Very interesting indeed.
Though I'm really wondering how they got die size down so much. By reading that, it seems like they didn't cut down on the numbers of simds, which is sort of hard to believe given size needed to go down from 400+ to 330 mm².
Size was more like ~480mm² if the diagram is to be believed. ~30% cut in die size. The cut was prolly more significant than that, because we know that the via solution for RV740 was "a doubling of vias" which made RV740 grow.
So what else? Sideport is mentioned, but that's probably only good for 10mm² or so at best. What else could have been in there? Wider internal data paths (though the article says "features" had to go)? Cache sizes (not that they take up a whole lot of space)? In any case it can't have been something which required rebuilding of whole blocks, as that would have led to a much larger delay.
For the sideport to be useful it prolly needs to be much meatier than that seen in RV770, because that sideport's bandwidth is nothing to write home about (it is literally superfluous). 10x more bandwidth?

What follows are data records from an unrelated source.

(* Let $\mathcal{L}$ be a finite-dimensional Lie algebra over a field $F$ such that $d(\mathcal{L}) = \dim_F(\mathcal{L})$. Then either $\mathcal{L}$ is abelian, or $\mathcal{L} = Fx \oplus \mathcal{A}$ for some $x \in \mathcal{L}$, where $\mathcal{A}$ is an abelian ideal of codimension $1$ in $\mathcal{L}$ and $\mathrm{ad}(x)|_{\mathcal{A}} = \mathrm{id}_{\mathcal{A}}$ (in particular $\mathcal{L}$ is metabelian).
   Context: $d(\mathcal{L})$ denotes the minimal number of generators of $\mathcal{L}$ as a Lie algebra. *)

theory Defs
  imports Complex_Main
begin

definition lie_algebra ::
  "('k::field \<Rightarrow> 'v::ab_group_add \<Rightarrow> 'v) \<Rightarrow> ('v \<Rightarrow> 'v \<Rightarrow> 'v) \<Rightarrow> bool" where
  "lie_algebra scale br \<longleftrightarrow>
     vector_space scale \<and>
     (\<forall>x y z. br (x + y) z = br x z + br y z) \<and>
     (\<forall>x y z. br x (y + z) = br x y + br x z) \<and>
     (\<forall>c x y. br (scale c x) y = scale c (br x y)) \<and>
     (\<forall>c x y. br x (scale c y) = scale c (br x y)) \<and>
     (\<forall>x. br x x = 0) \<and>
     (\<forall>x y z. br x (br y z) + br y (br z x) + br z (br x y) = 0)"

definition finite_dim :: "('k::field \<Rightarrow> 'v::ab_group_add \<Rightarrow> 'v) \<Rightarrow> bool" where
  "finite_dim scale \<longleftrightarrow> (\<exists>B. finite B \<and> module.span scale B = UNIV)"

definition lie_subalgebra ::
  "('k::field \<Rightarrow> 'v::ab_group_add \<Rightarrow> 'v) \<Rightarrow> ('v \<Rightarrow> 'v \<Rightarrow> 'v) \<Rightarrow> 'v set \<Rightarrow> bool" where
  "lie_subalgebra scale br S \<longleftrightarrow>
     module.subspace scale S \<and> (\<forall>x\<in>S. \<forall>y\<in>S. br x y \<in> S)"

definition lie_generated ::
  "('k::field \<Rightarrow> 'v::ab_group_add \<Rightarrow> 'v) \<Rightarrow> ('v \<Rightarrow> 'v \<Rightarrow> 'v) \<Rightarrow> 'v set \<Rightarrow> 'v set" where
  "lie_generated scale br X = \<Inter>{S. lie_subalgebra scale br S \<and> X \<subseteq> S}"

Also I think a complete revamp of the cache system is due. Evergreen has two sets of atomic units: one set in the ROPs and another set in the LDSs. A cache system with one set of atomics close to the ALUs would do all this, making the atomics run on L1 which is dual-purpose L1/LDS. We get back to the old topic of making such atomics globally coherent, something discussed at length in the GT300 thread, which is a serious problem.
Getting rid of the ROPs also has implications for early-Z.
The "peculiarly asymmetric" handling of caches for RW that Gipsel and I have been discussing might be a side effect of AMD simply deleting the fancy cache stuff. Retreating to a slightly enhanced version of what's in R700? R700 only supports a single UAV, but Evergreen has to support 8 for D3D11 compliance.
There might be some clues in the "reserved" gaps in the opcodes seen in the ISA
e.g. these 12 values:
19 EXPORT_RAT_INST_DEC_UINT : dst = ((dst==0 | (dst > src)) ? src : dst-1.
31:20 Reserved.
32 EXPORT_RAT_INST_NOP_RTN: Internal use by SX only (flush+ack with no
opcode). Return dword.
The RAT ID actually has space for 16 UAVs (coming in D3D11.1?) but the bit range there is 9 bits ([8:4] is unused).
Then you get into the whole topic of whether faster setup is required. And whether that's predicated on enhancements in the cache system.
Also, I'd say they missed the 2x performance target. Granted it's there in theoretical flops but not really in practice, though maybe the 2x target was only in theoretical flops...
It seems to me "shader core" is the basis for that.
Jawed